Strenght Training for Begginers: Loading Approach vs. Learning Approach

Who’s scared? Not me in proposing work in the gym to a bunch of kids! :cool:
My point exactly being:lifting heavy is a skill per se,to be taught as such.I do not see how many sets of lighter 5 reps help with this.

Weightlifters are by definition…weightlifters:what else should and could be doing? And they are close to one end of the spectrum,hence with somehow more limited training options than the other sports cited.

The problem here is not that the bone is not dense enough, but that the bone of kids is more pliable than the bone of full grown people. The recommendation of 1-10RM is for adults.

Reading through your posts i get the sense that when you’re talking injury risk you’re just thinking of the normal injuries happening to men and women and not the special injuries concerning kids.

During the age that your kids are in I think that you have to take the individual into even bigger consideration than normal. Even though they have no problem lifting the weights, late developers will have an increased risk of developing injuries like Osgood Schlatter if you train them to hard using weights or high load exercises like plyometrics. This is not to say you should not use weights but just to be aware of the kids that have not jet had their growth burst or the kids still growing fast. There is also case reports of kids getting apophyseal injuries in the spine from weight lifting although it’s believed that this risk only exists when there is poor technique or maximal lifts.

The current recommendation from the scientific literature is that you should keep within 8-15reps for adolescence. I don’t see any reason to go below that number. In my opinion the most important thing when it comes to sports and young people is to train their skills, technique, agility and mobility (when growing fast they loose a lot of their mobility if not trained). There is no need to push the strength training to maximum.

Getting them to learn the right technique I would think is a very good idea as some of them probably are going to start training with weights outside of team practice either way.

healthy children do plyometrics just about everyday of their life. they run they jump and the forces the expereience doing that is probably more than you or anyone can max squat. people think that plyometrics have to occur as a discrete training system but they occur everytime you hit the track and nearly every time you jump or skip or bound.

Sometimes I don’t understand what are you trying to say :confused:
Should we hit 5 RM first day? This in not an option for me, but should they try to lift more weight each training with perfect technique, yes!!! The above “program” is just a hypothetical.

Even though they have no problem lifting the weights, late developers will have an increased risk of developing injuries like Osgood Schlatter if you train them to hard using weights or high load exercises like plyometrics.

Actually lifting to failure and for large number of reps can cause technique break down and thus greater injury potential! Nothing can happen if the technique is perfect!!! I am not suggesting that the kids should do 1-3RM weight, but to do 6-8RM is pretty safe.
To direct this discussion, let me define what we are actually discussing here:

  • The use of larger weights for kids (6-8RM)
  • The limit of 5 reps per set (5 reps NOT 5RM!! – do not confuse this, you can do 5 reps per set with 10RM) for compund/complex movements
  • the progression from “first time in a gym” to more serious training.

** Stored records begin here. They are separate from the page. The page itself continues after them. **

lemma inv_artin_class: "w \<in> words \<Longrightarrow> inv\<^bsub>G\<^esub> (cls w) = cls (word_inv w)"
  using word_inv_in_words artin_eq_word_inv_append artin_class_eqI
  by (intro inv_equality) (simp_all add: mult_artin_class one_artin_group carrier_artin_group)

lemma artin_gen_in_carrier: "s \<in> V \<Longrightarrow> gen s \<in> carrier G"
  unfolding artin_gen_def carrier_artin_group by auto

lemma word_restrict_in_words: "w \<in> words \<Longrightarrow> word_restrict T w \<in> lists (T \<times> UNIV) \<inter> words"
  by (auto simp: word_restrict_def)

lemma lists_subset_words: "T \<subseteq> V \<Longrightarrow> lists (T \<times> UNIV) \<subseteq> words"
  by (rule lists_mono) blast

lemma parabolic_subset_classes:
  assumes "T \<subseteq> V"
  shows "parabolic V E m T \<subseteq> cls ` lists (T \<times> UNIV)"
  unfolding parabolic_def
proof
  fix x assume "x \<in> generate G (gen ` T)"
  then show "x \<in> cls ` lists (T \<times> UNIV)"
  proof (induction rule: generate.induct)
    case one
    then show ?case by (auto simp: one_artin_group)
  next
    case (incl h)
    then show ?case by (auto simp: artin_gen_def)
  next
    case (inv h)
    then obtain s where "s \<in> T" "h = cls [(s, True)]" by (auto simp: artin_gen_def)
    then show ?case using assms by (auto simp: inv_artin_class word_inv_def)
  next
    case (eng h h')
    then obtain w w' where ww': "w \<in> lists (T \<times> UNIV)" "w' \<in> lists (T \<times> UNIV)"
      and "h = cls w" "h' = cls w'"
      by auto
    moreover have "w \<in> words" "w' \<in> words" using ww' lists_subset_words[OF assms] by auto
    ultimately have "h \<otimes>\<^bsub>G\<^esub> h' = cls (w @ w')"
      by (simp add: mult_artin_class del: in_lists_conv_set)
    then show ?case using ww' by auto
  qed
qed

lemma artin_class_in_parabolic:
  assumes "T \<subseteq> V" "w \<in> lists (T \<times> UNIV)"
  shows "cls w \<in> parabolic V E m T"
  using assms(2)
proof (induction w)
  case Nil
  then show ?case unfolding parabolic_def using generate.one[of G] by (simp add: one_artin_group)
next
  case (Cons a w)
  obtain s b where a: "a = (s, b)" by (cases a)
  have s: "s \<in> T" "s \<in> V" using Cons a assms(1) by auto
  have w: "w \<in> words" using Cons lists_subset_words[OF assms(1)] by auto
  have "cls [a] \<in> parabolic V E m T"
  proof (cases b)
    case True
    then show ?thesis
      using s a unfolding parabolic_def artin_gen_def by (auto intro: generate.incl)
  next
    case False
    have "inv\<^bsub>G\<^esub> (gen s) = cls [(s, False)]"
      using s by (simp add: artin_gen_def inv_artin_class word_inv_def)
    then show ?thesis
      using s a False generate.inv[of "gen s" "gen ` T" G] unfolding parabolic_def by auto
  qed
  then have "cls [a] \<otimes>\<^bsub>G\<^esub> cls w \<in> parabolic V E m T"
    using Cons unfolding parabolic_def by (auto intro: generate.eng)
  then show ?case using s a w by (simp add: mult_artin_class)
qed

lemma parabolic_eq_classes: "T \<subseteq> V \<Longrightarrow> parabolic V E m T = cls ` lists (T \<times> UNIV)"
  using parabolic_subset_classes artin_class_in_parabolic by blast

lemma subgroup_parabolic: "T \<subseteq> V \<Longrightarrow> subgroup (parabolic V E m T) G"
  unfolding parabolic_def by (rule generate_is_subgroup) (auto intro: artin_gen_in_carrier)

end

locale even_artin_presentation = artin_presentation V E m
  for V :: "'v set" and E :: "'v set set" and m :: "'v set \<Rightarrow> nat" +
  assumes even_labels: "\<And>e. e \<in> E \<Longrightarrow> even (m e)"
begin

lemma artin_eq_word_restrict_braid:
  assumes "{u, v} \<in> E"
  shows "eq (word_restrict T (alt_prod u v (m {u, v}))) (word_restrict T (alt_prod v u (m {u, v})))"
proof (cases "u \<in> T \<and> v \<in> T")
  case True
  then show ?thesis
    using artin_eq.braid[of "[]" V "[]" u v E m] assms
    by (simp add: word_restrict_def filter_alt_prod)
next
  case False
  have uv: "u \<in> V" "v \<in> V" "u \<noteq> v" using edge_vertices assms by auto
  then have "word_restrict T (alt_prod v u (m {u, v})) \<in> words"
    using word_restrict_in_words alt_prod_in_words by blast
  then show ?thesis
    using word_restrict_alt_prod_swap[OF even_labels[OF assms] uv(3) False] by (simp add: artin_eq.refl)
qed

lemma artin_eq_word_restrict: "eq w w' \<Longrightarrow> eq (word_restrict T w) (word_restrict T w')"
proof (induction rule: artin_eq.induct)
  case (refl w)
  then show ?case by (intro artin_eq.refl) (auto simp: word_restrict_def)
next
  case (cancel x y a b)
  have restricted: "word_restrict T x \<in> words" "word_restrict T y \<in> words"
    using cancel word_restrict_in_words by auto
  show ?case
  proof (cases "a \<in> T")
    case True
    then show ?thesis
      using artin_eq.cancel[OF restricted cancel(3), where b = b] by (simp add: word_restrict_def)
  next
    case False
    then show ?thesis
      using artin_eq.refl[OF append_in_lists_conv[THEN iffD2, OF conjI, OF restricted]]
      by (simp add: word_restrict_def)
  qed
next
  case (braid x y u v)
  have "word_restrict T x \<in> words" "word_restrict T y \<in> words"
    using braid word_restrict_in_words by auto
  then show ?case
    using artin_eq_word_restrict_braid[OF braid(3)]
    by (simp add: word_restrict_def artin_eq_append artin_eq.refl)
next
  case (sym w w')
  then show ?case by (blast intro: artin_eq.sym)
next
  case (trans w w' w'')
  then show ?case by (blast intro: artin_eq.trans)
qed

definition retraction :: "'v set \<Rightarrow> 'v word set \<Rightarrow> 'v word set" where
  "retraction T x = \<Union>{cls (word_restrict T w) | w. w \<in> x}"

lemma retraction_artin_class: "w \<in> words \<Longrightarrow> retraction T (cls w) = cls (word_restrict T w)"
proof -
  assume "w \<in> words"
  then have "w \<in> cls w" unfolding artin_class_def by (auto intro: artin_eq.refl)
  moreover have "cls (word_restrict T w') = cls (word_restrict T w)" if "w' \<in> cls w" for w'
    using that artin_eq_word_restrict artin_class_eqI artin_eq.sym
    unfolding artin_class_def by blast
  ultimately have "{cls (word_restrict T w') | w'. w' \<in> cls w} = {cls (word_restrict T w)}"
    by blast
  then show ?thesis unfolding retraction_def by simp
qed

lemma retraction_hom: "retraction T \<in> hom G G"
proof (rule homI)
  fix x assume "x \<in> carrier G"
  then obtain w where "w \<in> words" "x = cls w" by (auto simp: carrier_artin_group)
  then show "retraction T x \<in> carrier G"
    using word_restrict_in_words[of w T]
    by (simp add: carrier_artin_group retraction_artin_class del: in_lists_conv_set)
next
  fix x y assume "x \<in> carrier G" "y \<in> carrier G"
  then obtain w w' where "w \<in> words" "w' \<in> words" "x = cls w" "y = cls w'"
    by (auto simp: carrier_artin_group)
  then show "retraction T (x \<otimes>\<^bsub>G\<^esub> y) = retraction T x \<otimes>\<^bsub>G\<^esub> retraction T y"
    using word_restrict_in_words[of w T] word_restrict_in_words[of w' T]
    by (simp add: mult_artin_class retraction_artin_class word_restrict_def del: in_lists_conv_set)
qed

lemma retraction_into_parabolic:
  assumes "T \<subseteq> V"
  shows "retraction T ` carrier G \<subseteq> parabolic V E m T"
proof (rule image_subsetI)
  fix x assume "x \<in> carrier G"
  then obtain w where "w \<in> words" "x = cls w" by (auto simp: carrier_artin_group)
  then have "retraction T x = cls (word_restrict T w)" "word_restrict T w \<in> lists (T \<times> UNIV)"
    using word_restrict_in_words[of w T] by (simp_all add: retraction_artin_class del: in_lists_conv_set)
  then show "retraction T x \<in> parabolic V E m T"
    using assms by (simp add: parabolic_eq_classes del: in_lists_conv_set)
qed

lemma retraction_fixes_parabolic:
  assumes "T \<subseteq> V" "h \<in> parabolic V E m T"
  shows "retraction T h = h"
proof -
  obtain w where w: "w \<in> lists (T \<times> UNIV)" "h = cls w"
    using assms by (auto simp: parabolic_eq_classes)
  then have "w \<in> words" using lists_subset_words[OF assms(1)] by auto
  moreover have "word_restrict T w = w"
    unfolding word_restrict_def by (rule filter_True) (use w(1) in auto)
  ultimately show ?thesis using w(2) by (simp add: retraction_artin_class del: in_lists_conv_set)
qed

Actually, the recomendation quoted from Faigenbaum that kids should do 12-15reps is ONLY a part of the story. One should read the whole paper not just the abstract!!! Let me quote that paper:

Also, hear this one:

My opinion is that whole that stuff about injuries are over-rated!
Kid can safely do 5 reps with 6-8RM after some introductiory period. Doing 5 or less reps per set is actually SAFER than doing 15 reps per set for compund movements!!! If the volume is what you want to achive then do more sets, simple as that!

Pakewi,
If the strenght is a skill (I agree with you here), then why would you use 15reps to teach that skill when that skill is acutllly developed by using less than 5RM?

Agreed! That is my point. Why not waiting till the body is reasonably ready (growth/bone and tendon issues cited wise) and prepared for maximal loads,and then gradually teach the skill by an appropriate choice and progression of exercises/lifts?

Couple of questions:
1)How do you know when someone is ready?
2) How to “gradually teach the skill by an appropriate choice and progression of exercises/lifts” – please expand!
3) What do to till that “phase” (when they are ready)

Thanks!

I can tell you the best reason to go below that number…form and stability/positioning of the joints when performing the exercise. I agree with Duxx on this one…why do 8+ reps just to get 8+ reps when the form breaks down at 5. Could they have done more reps, yup, with a poor movement pattern though.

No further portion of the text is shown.